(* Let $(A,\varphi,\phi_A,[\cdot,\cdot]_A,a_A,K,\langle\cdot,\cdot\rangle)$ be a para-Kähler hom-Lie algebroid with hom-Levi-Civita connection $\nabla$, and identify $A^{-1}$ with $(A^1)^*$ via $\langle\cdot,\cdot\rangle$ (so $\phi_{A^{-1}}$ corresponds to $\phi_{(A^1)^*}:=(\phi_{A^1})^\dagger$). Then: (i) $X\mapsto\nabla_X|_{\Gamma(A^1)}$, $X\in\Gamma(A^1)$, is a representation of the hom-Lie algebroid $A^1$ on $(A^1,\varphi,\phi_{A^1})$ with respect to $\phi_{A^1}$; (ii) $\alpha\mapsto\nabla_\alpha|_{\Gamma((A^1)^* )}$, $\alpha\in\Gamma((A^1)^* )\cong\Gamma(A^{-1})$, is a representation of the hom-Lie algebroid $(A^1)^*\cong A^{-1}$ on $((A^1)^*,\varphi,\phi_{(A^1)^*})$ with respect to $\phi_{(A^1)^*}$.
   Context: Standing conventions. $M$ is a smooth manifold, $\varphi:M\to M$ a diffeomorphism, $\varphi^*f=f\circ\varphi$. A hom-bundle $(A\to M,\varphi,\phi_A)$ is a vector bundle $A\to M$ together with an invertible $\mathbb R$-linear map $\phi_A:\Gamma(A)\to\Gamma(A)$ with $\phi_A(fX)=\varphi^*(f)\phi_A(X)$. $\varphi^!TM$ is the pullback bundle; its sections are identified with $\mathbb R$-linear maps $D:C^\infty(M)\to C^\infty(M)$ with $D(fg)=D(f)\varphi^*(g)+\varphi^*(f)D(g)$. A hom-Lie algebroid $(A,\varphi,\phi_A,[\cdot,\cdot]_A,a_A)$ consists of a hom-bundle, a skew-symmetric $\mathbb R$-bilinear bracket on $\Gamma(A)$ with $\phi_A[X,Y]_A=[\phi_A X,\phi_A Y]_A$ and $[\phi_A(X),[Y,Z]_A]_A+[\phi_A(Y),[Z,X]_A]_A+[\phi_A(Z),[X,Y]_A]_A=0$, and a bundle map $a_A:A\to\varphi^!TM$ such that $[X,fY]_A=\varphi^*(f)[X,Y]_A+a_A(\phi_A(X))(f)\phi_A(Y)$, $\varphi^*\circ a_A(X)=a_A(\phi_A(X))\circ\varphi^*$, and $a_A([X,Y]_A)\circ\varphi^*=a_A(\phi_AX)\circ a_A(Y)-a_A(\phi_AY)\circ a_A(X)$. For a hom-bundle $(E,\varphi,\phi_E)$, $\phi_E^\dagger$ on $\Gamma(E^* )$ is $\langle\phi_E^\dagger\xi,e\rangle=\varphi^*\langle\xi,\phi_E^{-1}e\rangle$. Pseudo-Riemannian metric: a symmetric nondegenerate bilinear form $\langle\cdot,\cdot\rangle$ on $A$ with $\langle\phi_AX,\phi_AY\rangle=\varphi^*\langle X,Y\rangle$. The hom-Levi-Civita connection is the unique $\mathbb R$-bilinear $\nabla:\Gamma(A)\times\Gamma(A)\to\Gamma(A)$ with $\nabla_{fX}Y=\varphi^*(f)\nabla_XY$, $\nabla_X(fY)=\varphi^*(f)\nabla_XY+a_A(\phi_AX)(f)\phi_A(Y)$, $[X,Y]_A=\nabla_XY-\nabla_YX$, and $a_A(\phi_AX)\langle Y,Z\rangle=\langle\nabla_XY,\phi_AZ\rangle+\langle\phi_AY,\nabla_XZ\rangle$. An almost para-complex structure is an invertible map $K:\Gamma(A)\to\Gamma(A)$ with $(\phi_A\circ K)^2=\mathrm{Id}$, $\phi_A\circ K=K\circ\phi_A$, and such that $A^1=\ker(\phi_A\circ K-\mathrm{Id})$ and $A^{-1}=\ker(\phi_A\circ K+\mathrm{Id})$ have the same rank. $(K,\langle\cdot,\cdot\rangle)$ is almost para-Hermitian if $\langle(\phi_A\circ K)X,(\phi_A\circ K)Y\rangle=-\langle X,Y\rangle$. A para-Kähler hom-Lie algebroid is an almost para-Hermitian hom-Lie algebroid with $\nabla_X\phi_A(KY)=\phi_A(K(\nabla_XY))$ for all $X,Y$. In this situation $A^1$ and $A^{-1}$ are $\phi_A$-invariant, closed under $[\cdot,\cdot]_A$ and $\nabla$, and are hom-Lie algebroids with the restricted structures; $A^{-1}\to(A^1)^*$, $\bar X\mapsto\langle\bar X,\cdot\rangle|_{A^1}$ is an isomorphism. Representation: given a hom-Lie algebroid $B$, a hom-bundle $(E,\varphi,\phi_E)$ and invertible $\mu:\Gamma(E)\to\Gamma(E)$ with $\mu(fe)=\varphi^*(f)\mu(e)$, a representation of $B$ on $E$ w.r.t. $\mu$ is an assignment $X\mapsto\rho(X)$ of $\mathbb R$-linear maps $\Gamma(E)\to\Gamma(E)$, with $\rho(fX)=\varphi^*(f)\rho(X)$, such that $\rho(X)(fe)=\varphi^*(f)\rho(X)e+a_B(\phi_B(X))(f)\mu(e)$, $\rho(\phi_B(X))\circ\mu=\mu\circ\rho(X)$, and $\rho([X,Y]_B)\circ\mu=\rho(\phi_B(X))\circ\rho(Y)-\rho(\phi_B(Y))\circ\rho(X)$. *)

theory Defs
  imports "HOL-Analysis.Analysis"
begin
==*==
• Your objective
Each line of the data above is to be duplicated exactly.

• Task output
(* Let $(A,\varphi,\phi_A,[\cdot,\cdot]_A,a_A,K,\langle\cdot,\cdot\rangle)$ be a para-Kähler hom-Lie algebroid with hom-Levi-Civita connection $\nabla$, and identify $A^{-1}$ with $(A^1)^*$ via $\langle\cdot,\cdot\rangle$ (so $\phi_{A^{-1}}$ corresponds to $\phi_{(A^1)^*}:=(\phi_{A^1})^\dagger$). Then: (i) $X\mapsto\nabla_X|_{\Gamma(A^1)}$, $X\in\Gamma(A^1)$, is a representation of the hom-Lie algebroid $A^1$ on $(A^1,\varphi,\phi_{A^1})$ with respect to $\phi_{A^1}$; (ii) $\alpha\mapsto\nabla_\alpha|_{\Gamma((A^1)^* )}$, $\alpha\in\Gamma((A^1)^* )\cong\Gamma(A^{-1})$, is a representation of the hom-Lie algebroid $(A^1)^*\cong A^{-1}$ on $((A^1)^*,\varphi,\phi_{(A^1)^*})$ with respect to $\phi_{(A^1)^*}$.
   Context: Standing conventions. $M$ is a smooth manifold, $\varphi:M\to M$ a diffeomorphism, $\varphi^*f=f\circ\varphi$. A hom-bundle $(A\to M,\varphi,\phi_A)$ is a vector bundle $A\to M$ together with an invertible $\mathbb R$-linear map $\phi_A:\Gamma(A)\to\Gamma(A)$ with $\phi_A(fX)=\varphi^*(f)\phi_A(X)$. $\varphi^!TM$ is the pullback bundle; its sections are identified with $\mathbb R$-linear maps $D:C^\infty(M)\to C^\infty(M)$ with $D(fg)=D(f)\varphi^*(g)+\varphi^*(f)D(g)$. A hom-Lie algebroid $(A,\varphi,\phi_A,[\cdot,\cdot]_A,a_A)$ consists of a hom-bundle, a skew-symmetric $\mathbb R$-bilinear bracket on $\Gamma(A)$ with $\phi_A[X,Y]_A=[\phi_A X,\phi_A Y]_A$ and $[\phi_A(X),[Y,Z]_A]_A+[\phi_A(Y),[Z,X]_A]_A+[\phi_A(Z),[X,Y]_A]_A=0$, and a bundle map $a_A:A\to\varphi^!TM$ such that $[X,fY]_A=\varphi^*(f)[X,Y]_A+a_A(\phi_A(X))(f)\phi_A(Y)$, $\varphi^*\circ a_A(X)=a_A(\phi_A(X))\circ\varphi^*$, and $a_A([X,Y]_A)\circ\varphi^*=a_A(\phi_AX)\circ a_A(Y)-a_A(\phi_AY)\circ a_A(X)$. For a hom-bundle $(E,\varphi,\phi_E)$, $\phi_E^\dagger$ on $\Gamma(E^* )$ is $\langle\phi_E^\dagger\xi,e\rangle=\varphi^*\langle\xi,\phi_E^{-1}e\rangle$. Pseudo-Riemannian metric: a symmetric nondegenerate bilinear form $\langle\cdot,\cdot\rangle$ on $A$ with $\langle\phi_AX,\phi_AY\rangle=\varphi^*\langle X,Y\rangle$. The hom-Levi-Civita connection is the unique $\mathbb R$-bilinear $\nabla:\Gamma(A)\times\Gamma(A)\to\Gamma(A)$ with $\nabla_{fX}Y=\varphi^*(f)\nabla_XY$, $\nabla_X(fY)=\varphi^*(f)\nabla_XY+a_A(\phi_AX)(f)\phi_A(Y)$, $[X,Y]_A=\nabla_XY-\nabla_YX$, and $a_A(\phi_AX)\langle Y,Z\rangle=\langle\nabla_XY,\phi_AZ\rangle+\langle\phi_AY,\nabla_XZ\rangle$. An almost para-complex structure is an invertible map $K:\Gamma(A)\to\Gamma(A)$ with $(\phi_A\circ K)^2=\mathrm{Id}$, $\phi_A\circ K=K\circ\phi_A$, and such that $A^1=\ker(\phi_A\circ K-\mathrm{Id})$ and $A^{-1}=\ker(\phi_A\circ K+\mathrm{Id})$ have the same rank. $(K,\langle\cdot,\cdot\rangle)$ is almost para-Hermitian if $\langle(\phi_A\circ K)X,(\phi_A\circ K)Y\rangle=-\langle X,Y\rangle$. A para-Kähler hom-Lie algebroid is an almost para-Hermitian hom-Lie algebroid with $\nabla_X\phi_A(KY)=\phi_A(K(\nabla_XY))$ for all $X,Y$. In this situation $A^1$ and $A^{-1}$ are $\phi_A$-invariant, closed under $[\cdot,\cdot]_A$ and $\nabla$, and are hom-Lie algebroids with the restricted structures; $A^{-1}\to(A^1)^*$, $\bar X\mapsto\langle\bar X,\cdot\rangle|_{A^1}$ is an isomorphism. Representation: given a hom-Lie algebroid $B$, a hom-bundle $(E,\varphi,\phi_E)$ and invertible $\mu:\Gamma(E)\to\Gamma(E)$ with $\mu(fe)=\varphi^*(f)\mu(e)$, a representation of $B$ on $E$ w.r.t. $\mu$ is an assignment $X\mapsto\rho(X)$ of $\mathbb R$-linear maps $\Gamma(E)\to\Gamma(E)$, with $\rho(fX)=\varphi^*(f)\rho(X)$, such that $\rho(X)(fe)=\varphi^*(f)\rho(X)e+a_B(\phi_B(X))(f)\mu(e)$, $\rho(\phi_B(X))\circ\mu=\mu\circ\rho(X)$, and $\rho([X,Y]_B)\circ\mu=\rho(\phi_B(X))\circ\rho(Y)-\rho(\phi_B(Y))\circ\rho(X)$. *)

theory Defs
  imports "HOL-Analysis.Analysis"
begin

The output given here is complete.